In the description of the present application, it is to be understood that the terms "upper", "lower", "front", "rear", "left", "right", "vertical", "horizontal", "top", "bottom", "inner", "outer", and the like indicate orientations or positional relationships based on those shown in the drawings, and are only for convenience in describing the present application and simplifying the description, but do not indicate or imply that the referred device or element must have a specific orientation, be constructed in a specific orientation, and be operated, and thus, should not be construed as limiting the present application.

The foregoing description of specific embodiments of the present invention has been presented. It is to be understood that the present invention is not limited to the specific embodiments described above, and that various changes or modifications may be made by one skilled in the art within the scope of the appended claims without departing from the spirit of the invention.

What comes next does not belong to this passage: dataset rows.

theorem proposition3:
  fixes a \<rho> ah \<rho>h :: "nat \<Rightarrow> real" and \<mu> \<sigma> q :: real
  assumes a_pos: "\<And>n. a n > 0" and rho_pos: "\<And>n. \<rho> n > 0"
      and ah_pos: "\<And>n. ah n > 0" and rhoh_pos: "\<And>n. \<rho>h n > 0"
      and rho_mono: "strict_mono \<rho>" and rhoh_mono: "strict_mono \<rho>h"
      and rho_lim: "filterlim \<rho> at_top sequentially"
      and rhoh_lim: "filterlim \<rho>h at_top sequentially"
      and sum_a: "summable (\<lambda>n. a n / (\<rho> n)^2)"
      and sum_ah: "summable (\<lambda>n. ah n / (\<rho>h n)^2)"
      and sigma: "\<sigma> \<ge> 0"
      and q: "q > 0"
  shows "\<exists>\<zeta> \<zeta>h :: nat \<Rightarrow> real.
           (\<forall>n. 0 < \<zeta> n \<and> \<zeta> n < \<rho> n \<and> \<rho> n < \<zeta> (Suc n)) \<and>
           (\<forall>n. 0 < \<zeta>h n \<and> \<zeta>h n < \<rho>h n \<and> \<rho>h n < \<zeta>h (Suc n)) \<and>
           {z. z \<notin> laplace_poles \<rho> \<rho>h \<and> laplace_exponent \<sigma> \<mu> a \<rho> ah \<rho>h z = complex_of_real q}
             = range (\<lambda>n. complex_of_real (\<zeta> n)) \<union> range (\<lambda>n. - complex_of_real (\<zeta>h n))"
proof -
  interpret two_sided_poles a \<rho> ah \<rho>h
    by unfold_locales (use a_pos rho_pos ah_pos rhoh_pos rho_lim rhoh_lim sum_a sum_ah in
      \<open>auto intro: less_imp_le\<close>)
  interpret right: ordered_two_sided_poles a \<rho> ah \<rho>h
    by unfold_locales (fact a_pos rho_mono)+
  interpret left: ordered_two_sided_poles ah \<rho>h a \<rho>
    by (intro ordered_two_sided_poles.intro two_sided_poles_mirror ordered_two_sided_poles_axioms.intro
        ah_pos rhoh_mono)
  obtain \<zeta> where \<zeta>: "\<forall>n. 0 < \<zeta> n \<and> \<zeta> n < \<rho> n \<and> \<rho> n < \<zeta> (Suc n)"
    and roots: "{x. 0 < x \<and> x \<notin> range \<rho> \<and> laplace_exponent_real \<sigma> \<mu> a \<rho> ah \<rho>h x = q} = range \<zeta>"
    using right.positive_roots_interlace[OF q] by blast
  obtain \<zeta>h where \<zeta>h: "\<forall>n. 0 < \<zeta>h n \<and> \<zeta>h n < \<rho>h n \<and> \<rho>h n < \<zeta>h (Suc n)"
    and roots_h: "{x. 0 < x \<and> x \<notin> range \<rho>h \<and> laplace_exponent_real \<sigma> (-\<mu>) ah \<rho>h a \<rho> x = q} = range \<zeta>h"
    using left.positive_roots_interlace[OF q] by blast
  have "{z. z \<notin> laplace_poles \<rho> \<rho>h \<and> laplace_exponent \<sigma> \<mu> a \<rho> ah \<rho>h z = complex_of_real q}
      = of_real ` (range \<zeta> \<union> uminus ` range \<zeta>h)"
    unfolding laplace_exponent_solutions_real[OF q] laplace_exponent_real_solutions_by_sign[OF q[THEN less_imp_neq, symmetric]]
      roots roots_h ..
  also have "\<dots> = range (\<lambda>n. complex_of_real (\<zeta> n)) \<union> range (\<lambda>n. - complex_of_real (\<zeta>h n))"
    by (simp add: image_Un image_image)
  finally show ?thesis
    by (intro exI[of _ \<zeta>] exI[of _ \<zeta>h] conjI \<zeta> \<zeta>h)
qed

end
(* Let $\mathcal{F}$ be a $T$-equivariant rank 2 $\mu$-stable reflexive sheaf on $\mathbb{P}^3$ with Chern classes $c_1,c_2,c_3$ (as integers) and toric data $\{(u_i,v_i,p_i)\}_{i=1,\dots,4}$. Then: (i) $c_3\equiv c_1c_2\pmod 2$; (ii) if $c_1\in\{-1,0\}$ then $c_2>0$; (iii) if $c_1=-1$ then $0\le c_3\le c_2^2$, and if $c_1=0$ then $0\le c_3\le c_2^2-c_2+2$. If $c_1=-1$, then $c_3=c_2^2$ if and only if one of the following holds: (a) there exist $\{i,j,k,l\}=\{1,2,3,4\}$ with $p_i=p_j$, $p_j,p_k,p_l$ mutually distinct, $v_i\ge1$, $v_j\ge1$, $v_k=1$, and $v_i+v_j=v_l$; (b) there exist $\{i,j,k,l\}=\{1,2,3,4\}$ with $v_i=0$, $p_j,p_k,p_l$ mutually distinct, $v_j=1$, and $v_k=v_l\ge1$. If $c_1=0$, then $c_3=c_2^2-c_2+2$ if and only if one of the following holds: (a) $p_1,p_2,p_3,p_4$ are mutually distinct and $v_1=v_2=v_3=v_4=1$; (b) there exist $\{i,j,k,l\}=\{1,2,3,4\}$ with $p_i=p_j$, $p_j,p_k,p_l$ mutually distinct, $v_i=v_j=1$ and $v_k=v_l=2$; (c) there exist $\{i,j,k,l\}=\{1,2,3,4\}$ with $v_i=0$, $p_j,p_k,p_l$ mutually distinct, and $v_j=v_k=v_l=2$.
   Context: $T=(\mathbb{C}^* )^3$ is the dense open torus of $\mathbb{P}^3$; $\mathbb{P}^3$ is the toric variety of the fan in $\mathbb{Z}^3$ with rays $\rho_1,\dots,\rho_4$ generated by $n_1=e_1,n_2=e_2,n_3=e_3,n_4=-e_1-e_2-e_3$. By Klyachko's description, a $T$-equivariant rank 2 reflexive sheaf is given by four increasing filtrations $\{V^{\rho_i}(\lambda)\}_{\lambda\in\mathbb{Z}}$ of $\mathbb{C}^2$ (zero for $\lambda\ll0$, all of $\mathbb{C}^2$ for $\lambda\gg0$), the weight-$m$ sections over the chart of the cone spanned by $\rho_a,\rho_b,\rho_c$ being $V^{\rho_a}(\langle m,n_a\rangle)\cap V^{\rho_b}(\langle m,n_b\rangle)\cap V^{\rho_c}(\langle m,n_c\rangle)$; with these conventions a line bundle with jumps at $u_1,\dots,u_4$ has $c_1=-(u_1+\dots+u_4)H$. The toric data are the unique $u_i\in\mathbb{Z}$, $v_i\in\mathbb{Z}_{\ge0}$, $p_i\in\mathbb{P}^1=\mathrm{Gr}(1,\mathbb{C}^2)$ with $V^{\rho_i}(\lambda)=0$ for $\lambda<u_i$, $=p_i$ for $u_i\le\lambda<u_i+v_i$, $=\mathbb{C}^2$ for $\lambda\ge u_i+v_i$ (if $v_i=0$, $p_i$ does not occur). Stability is with respect to $\mathcal{O}(1)$; Chern classes are integers via $H^{2i}(\mathbb{P}^3,\mathbb{Z})=\mathbb{Z}H^i$, $H$ the hyperplane class. "There exist $\{i,j,k,l\}=\{1,2,3,4\}$" means for some ordering $i,j,k,l$ of the four indices. *)

theory Defs
  imports Complex_Main
begin

text \<open>Vectors of C^2 are pairs of complex numbers; the rays of the fan of P^3 are indexed 1..4.\<close>

type_synonym vec2 = "complex \<times> complex"

definition czero :: vec2 where "czero = (0, 0)"

definition csubspace :: "vec2 set \<Rightarrow> bool" where
  "csubspace S \<longleftrightarrow> czero \<in> S \<and>
     (\<forall>x\<in>S. \<forall>y\<in>S. (fst x + fst y, snd x + snd y) \<in> S) \<and>
     (\<forall>c::complex. \<forall>x\<in>S. (c * fst x, c * snd x) \<in> S)"

definition cline :: "vec2 \<Rightarrow> vec2 set" where
  "cline w = {(c * fst w, c * snd w) | c. True}"

definition is_P1_point :: "vec2 set \<Rightarrow> bool" where
  "is_P1_point L \<longleftrightarrow> (\<exists>w. w \<noteq> czero \<and> L = cline w)"

text \<open>Complex dimension of a complex subspace of C^2 (only used on subspaces).\<close>
definition cdim :: "vec2 set \<Rightarrow> nat" where
  "cdim S = (if S = {czero} then 0 else if S = UNIV then 2 else 1)"
lemma wsem_star_zeta:
  "sem P (WStar \<zeta>) \<gamma> =
     F (\<lambda>S. if model_decomposition S \<gamma> then val_of S else z) (Pow {1..n} - {{}})"
proof -
  let ?term = "\<lambda>gs. vl (map (sem P \<zeta>) gs)"
  let ?summand = "\<lambda>S. if model_decomposition S \<gamma> then val_of S else z"
  have term_in: "?term gs \<in> ?summand ` (Pow {1..n} - {{}})"
    if gs: "gs \<in> disj_seqs P \<gamma>" and nonzero: "?term gs \<noteq> z" for gs
  proof -
    obtain I where I: "I \<noteq> []" "distinct I" "set I \<subseteq> {1..n}"
        "model_decomposition (set I) \<gamma>" "map (sem P \<zeta>) gs = map d I"
      using nonzero_star_term[OF gs nonzero] by blast
    then have "?term gs = ?summand (set I)"
      by (simp add: val_of_set)
    then show ?thesis
      using I by blast
  qed
  have summand_in: "?summand S \<in> ?term ` disj_seqs P \<gamma>"
    if S: "S \<in> Pow {1..n} - {{}}" and nonzero: "?summand S \<noteq> z" for S
  proof -
    have decomposition: "model_decomposition S \<gamma>"
      using nonzero by argo
    define I where "I = sorted_list_of_set S"
    have I: "I \<noteq> []" "distinct I" "set I = S"
      using S finite_subset[of S "{1..n}"] unfolding I_def by auto
    then have disj: "map model I \<in> disj_seqs P \<gamma>"
      and models: "list_all2 (\<lambda>g i. is_model i g) (map model I) I"
      using disj_seq_of_model_decomposition[of I \<gamma>] decomposition by auto
    have "map (sem P \<zeta>) (map model I) = map d I"
      using models I S by (intro map_wsem_zeta) auto
    then have "?term (map model I) = vl (map d I)"
      by (rule arg_cong)
    also have "\<dots> = ?summand S"
      using decomposition by (simp add: val_of_def I_def)
    finally show ?thesis
      using disj by (metis image_eqI)
  qed
  have "?term ` disj_seqs P \<gamma> - {z} = ?summand ` (Pow {1..n} - {{}}) - {z}"
  proof (intro equalityI subsetI)
    fix v assume "v \<in> ?term ` disj_seqs P \<gamma> - {z}"
    then obtain gs where "gs \<in> disj_seqs P \<gamma>" "v = ?term gs" "v \<noteq> z"
      by blast
    then show "v \<in> ?summand ` (Pow {1..n} - {{}}) - {z}"
      using term_in[of gs] by blast
  next
    fix v assume "v \<in> ?summand ` (Pow {1..n} - {{}}) - {z}"
    then obtain S where "S \<in> Pow {1..n} - {{}}" "v = ?summand S" "v \<noteq> z"
      by blast
    then show "v \<in> ?term ` disj_seqs P \<gamma> - {z}"
      using summand_in[of S] by blast
  qed
  then show ?thesis
    by (simp add: bigplus_eq_F cong_nonzero_values finite_disj_seqs[OF finite_P] del: Pow_iff)
qed
(* For any signature $\Sigma$, the quadruple consisting of the class of $\Sigma$-forest-like alphabets, the disjoint sum operation $\mathbin{+\!\!+}$, the maps $r_A$, and the alphabet $A_p(\Sigma)$ is a polynomial realization of the Hopf algebra $\mathbf N(T(\Sigma))$. That is: (i) $\mathbin{+\!\!+}$ is associative; (ii) for every $\Sigma$-forest-like alphabet $A$, $r_A:\mathbf N(T(\Sigma))\to\mathbb K\langle A\rangle$ is a graded unital associative algebra morphism; (iii) for all $\Sigma$-forest-like alphabets $A_1,A_2$ and every $x\in\mathbf N(T(\Sigma))$, $\theta_{A_1,A_2}(r_{A_1\mathbin{+\!\!+}A_2}(x))=(r_{A_1}\otimes r_{A_2})(\Delta x)$; (iv) $r_{A_p(\Sigma)}$ is injective.
   Context: $\mathbb K$ is a field of characteristic zero; $[P]$ is $1$ if $P$ holds, $0$ otherwise. A signature is a set $\Sigma$ with arity map $|\cdot|:\Sigma\to\mathbb N$. A $\Sigma$-term is the leaf $\bot$ or $s(t_1,\dots,t_n)$ with $s$ of arity $n$, $t_i$ terms; degree = number of internal nodes, arity $|t|$ = number of leaves. $T(\Sigma)$ is the free operad: $t[t_1,\dots,t_{|t|}]$ grafts $t_i$ on the $i$-th leaf of $t$. A $\Sigma$-forest is a finite word of terms; reduced if no term is $\bot$; $\mathrm{rd}$ deletes terms equal to $\bot$. Internal nodes of a forest $f$ are identified with $1,\dots,\deg f$ by preorder; $d_f(i)$ decoration of $i$; $i\to^f_j i'$ means $i'$ is the $j$-th child of $i$; roots are the roots of terms. $\mathbf N(T(\Sigma))$: basis $E_f$ ($f$ reduced), product $E_{f_1}E_{f_2}=E_{f_1f_2}$, grading $\deg f$, coproduct the algebra morphism with $\Delta E_t=\sum E_{\mathrm{rd}(t')}\otimes E_{\mathrm{rd}(t_1\cdots t_{|t'|})}$ over all $t',t_1,\dots$ with $t=t'[t_1,\dots,t_{|t'|}]$. A $\Sigma$-forest-like alphabet is a set $A$ with arbitrary: subset $R^A$, subsets $D^A_s$ ($s\in\Sigma$), binary relations $\to^A_j$ ($j\ge1$). $\mathbb K\langle A\rangle$: noncommutative polynomials over $A$ with possibly infinite support and bounded degree. A word $w\in A^*$ is $A$-compatible with $f$ if it has length $\deg f$, $w(i)\in R^A$ for each root $i$, $w(i)\in D^A_{d_f(i)}$ for each $i$, and $i\to^f_j i'$ implies $w(i)\to^A_j w(i')$. $r_A(E_f)=\sum_{w\in A^*}[w\ A\text{-compatible with }f]\,w$. The disjoint sum $A_1\mathbin{+\!\!+}A_2$ is $A_1\sqcup A_2$ with $R=R^{A_1}\sqcup R^{A_2}$, $D_s=D^{A_1}_s\sqcup D^{A_2}_s$, and $a\to_j a'$ iff ($a,a'\in A_1$, $a\to^{A_1}_j a'$) or ($a,a'\in A_2$, $a\to^{A_2}_j a'$) or ($a\in A_1$, $a'\in A_2$, $a'\in R^{A_2}$). $\theta_{A_1,A_2}$ is the linear map $w\mapsto w_{|A_1}\otimes w_{|A_2}$. The alphabet of positions $A_p(\Sigma)=\{a^s_u:s\in\Sigma,u\in\mathbb N^*\}$ has root relation $\{a^s_{0^\ell}\}$, $D_s=\{a^s_u:u\in\mathbb N^*\}$, and $a^s_u\to_j a^{s'}_v$ iff $v=u\,j\,0^\ell$ for some $\ell\in\mathbb N$. *)

theory Defs
  imports Main
begin

datatype 's tm = Leaf | Node 's "'s tm list"

fun wf_tm :: "'s set \<Rightarrow> ('s \<Rightarrow> nat) \<Rightarrow> 's tm \<Rightarrow> bool" where
  "wf_tm S ar Leaf = True"
| "wf_tm S ar (Node s ts) = (s \<in> S \<and> length ts = ar s \<and> (\<forall>t\<in>set ts. wf_tm S ar t))"

fun deg :: "'s tm \<Rightarrow> nat" where
  "deg Leaf = 0"
| "deg (Node s ts) = Suc (sum_list (map deg ts))"

fun nlv :: "'s tm \<Rightarrow> nat" where
  "nlv Leaf = 1"
| "nlv (Node s ts) = sum_list (map nlv ts)"
lemma badly_approximable_uniform:
  fixes \<alpha> :: "real^'d"
  assumes lim: "liminf (\<lambda>n::nat. ereal (real n * (\<Prod>i\<in>UNIV. dZ (real n * \<alpha> $ i)))) > 0"
  shows "\<exists>c>0. \<forall>J (q::int). q \<noteq> 0 \<longrightarrow> c \<le> \<bar>of_int q\<bar> * (\<Prod>i\<in>J. dZ (of_int q * \<alpha> $ i))"
proof -
  define f where "f n = real n * (\<Prod>i\<in>UNIV. dZ (real n * \<alpha> $ i))" for n
  from less_LiminfD[OF lim[unfolded zero_ereal_def]] obtain n0 where n0: "\<And>n. n \<ge> n0 \<Longrightarrow> 0 < f n"
    by (auto simp: eventually_sequentially f_def)
  have "f n > 0" if "n \<ge> 1" for n
  proof -
    have "dZ (real n * \<alpha> $ i) \<noteq> 0" for i
    proof
      assume "dZ (real n * \<alpha> $ i) = 0"
      then have "real n * \<alpha> $ i \<in> \<int>" by (simp add: dZ_eq_0_iff)
      then have "real ((n0 + 1) * n) * \<alpha> $ i \<in> \<int>"
        by (metis Ints_mult Ints_of_nat mult.assoc of_nat_mult)
      then have "dZ (real ((n0 + 1) * n) * \<alpha> $ i) = 0" by (simp only: dZ_eq_0_iff)
      then have "f ((n0 + 1) * n) = 0"
        unfolding f_def by (metis UNIV_I finite mult_zero_right prod_zero_iff)
      moreover have "(n0 + 1) * n \<ge> n0" using mult_le_mono2[OF that, of "n0 + 1"] by (simp only: mult_1_right)
      ultimately show False using n0 by fastforce
    qed
    then have "(\<Prod>i\<in>UNIV. dZ (real n * \<alpha> $ i)) > 0"
      using dZ_nonneg by (simp add: order.not_eq_order_implies_strict prod_pos)
    then show ?thesis using that unfolding f_def by simp
  qed
  then obtain c where c: "c > 0" "\<And>n. n \<ge> 1 \<Longrightarrow> c \<le> f n"
    using liminf_pos_imp_uniform_lower_bound[of f] lim unfolding f_def by blast
  have "c \<le> \<bar>of_int q\<bar> * (\<Prod>i\<in>J. dZ (of_int q * \<alpha> $ i))" if "q \<noteq> 0" for J and q :: int
  proof -
    have "dZ (of_int q * \<alpha> $ i) = dZ (real (nat \<bar>q\<bar>) * \<alpha> $ i)" for i
    proof (cases "q \<ge> 0")
      case False
      then have "of_int q * \<alpha> $ i = - (real (nat \<bar>q\<bar>) * \<alpha> $ i)" by simp
      then show ?thesis by (simp only: dZ_minus)
    qed simp
    then have "c \<le> \<bar>of_int q\<bar> * (\<Prod>i\<in>UNIV. dZ (of_int q * \<alpha> $ i))"
      using c(2)[of "nat \<bar>q\<bar>"] that unfolding f_def by simp
    also have "(\<Prod>i\<in>UNIV. dZ (of_int q * \<alpha> $ i))
        = (\<Prod>i\<in>J. dZ (of_int q * \<alpha> $ i)) * (\<Prod>i\<in>UNIV - J. dZ (of_int q * \<alpha> $ i))"
      using prod.subset_diff[of J UNIV] by (simp add: mult.commute)
    also have "\<dots> \<le> (\<Prod>i\<in>J. dZ (of_int q * \<alpha> $ i))"
      by (intro mult_left_le prod_le_1 prod_nonneg) (auto simp: dZ_nonneg dZ_le_1)
    finally show ?thesis by (simp add: mult_left_mono)
  qed
  with c(1) show ?thesis by blast
qed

The embodiments and features of the embodiments of the present application may be combined with each other arbitrarily without conflict.

Claims

1. A low pressure gas supply system for small vessels, comprising: the LNG fuel tank comprises an LNG storage tank part (1), a pressure regulating valve part (2), an LNG vaporizer part (3), a heater part (4), a surge tank part (5), a gas flow regulating valve part (6), a low-pressure engine part (7), a pressurized return gas flow regulating valve part (8), a heat exchange medium flow valve part (9), a heat exchange medium bypass valve part (10), a first pipeline part (301), a second pipeline part (302) and a third pipeline part (303);

the LNG storage tank part (1) comprises: the LNG storage tank comprises a liquid discharge outlet end at the bottom of the LNG storage tank and a gas inlet end at the top of the LNG storage tank;

the pressure regulating valve part (2) comprises: the pressure regulating valve comprises a pressure regulating valve inlet end, a pressure regulating valve outlet end and a pressure regulating valve signal receiving end;

the gas flow regulating valve member (6) includes: the gas flow control valve comprises a gas flow control valve inlet end, a gas flow control valve outlet end and a gas flow control valve signal receiving end;

the pressure-increasing return gas flow regulating valve member (8) comprises: the system comprises a pressure-boosting backflow gas flow regulating valve, a pressure-boosting backflow gas flow regulating valve signal receiving end and a pressure-boosting backflow gas flow regulating valve signal receiving end, wherein the pressure-boosting backflow gas flow regulating valve signal receiving end is connected with the pressure-boosting backflow;

the heat exchange medium flow valve member (9) comprises: the heat exchange medium flow valve comprises a heat exchange medium flow valve inlet end, a heat exchange medium flow valve outlet end and a heat exchange medium flow valve signal receiving end;

the heat exchange medium bypass valve member (10) includes: the heat exchange medium bypass valve comprises a heat exchange medium bypass valve inlet end, a heat exchange medium bypass valve outlet end and a heat exchange medium bypass valve signal receiving end;

the LNG vaporizer component (3) comprises: the LNG vaporizer comprises an LNG vaporizer tube pass inlet end, an LNG vaporizer tube pass outlet end, an LNG vaporizer shell pass inlet end and an LNG vaporizer shell pass outlet end;

the heater block (4) comprises: a heater tube pass inlet end, a heater tube pass outlet end, a heater shell pass inlet end, and a heater shell pass outlet end;

the surge tank member (5) includes: an inlet end of a fluctuation buffer tank and an outlet end of the fluctuation buffer tank;

the low-pressure engine component (7) comprises: the low-pressure engine comprises a low-pressure engine gas inlet end, a low-pressure engine heat exchange medium inlet end and a low-pressure engine heat exchange medium outlet end;

the liquid discharge outlet end at the bottom of the LNG storage tank is connected with the inlet end of the pressure regulating valve, and the gas inlet end at the top of the LNG storage tank is connected with the outlet end of the pressure-boosting backflow gas flow regulating valve;

the LNG vaporizer tube pass inlet end is connected with the pressure regulating valve outlet end, the LNG vaporizer tube pass outlet end is connected with the heater tube pass inlet end through a second pipeline component (302), a third pipeline component (303) is connected with the supercharged reflux gas flow regulating valve inlet end, and the LNG vaporizer shell pass outlet end is connected with the low-pressure engine heat exchange medium inlet end;

the heater shell pass outlet end is connected with the LNG vaporizer tube pass inlet end and the heat exchange medium bypass valve inlet end respectively;

the outlet end of the fluctuation buffer tank is connected with the inlet end of the gas flow regulating valve;

the gas flow regulating valve component (6) is connected with a gas inlet end of a low-pressure engine through the first pipeline component (301);

and the outlet end of the heat exchange medium bypass valve is connected with the inlet end of a heat exchange medium of the low-pressure engine.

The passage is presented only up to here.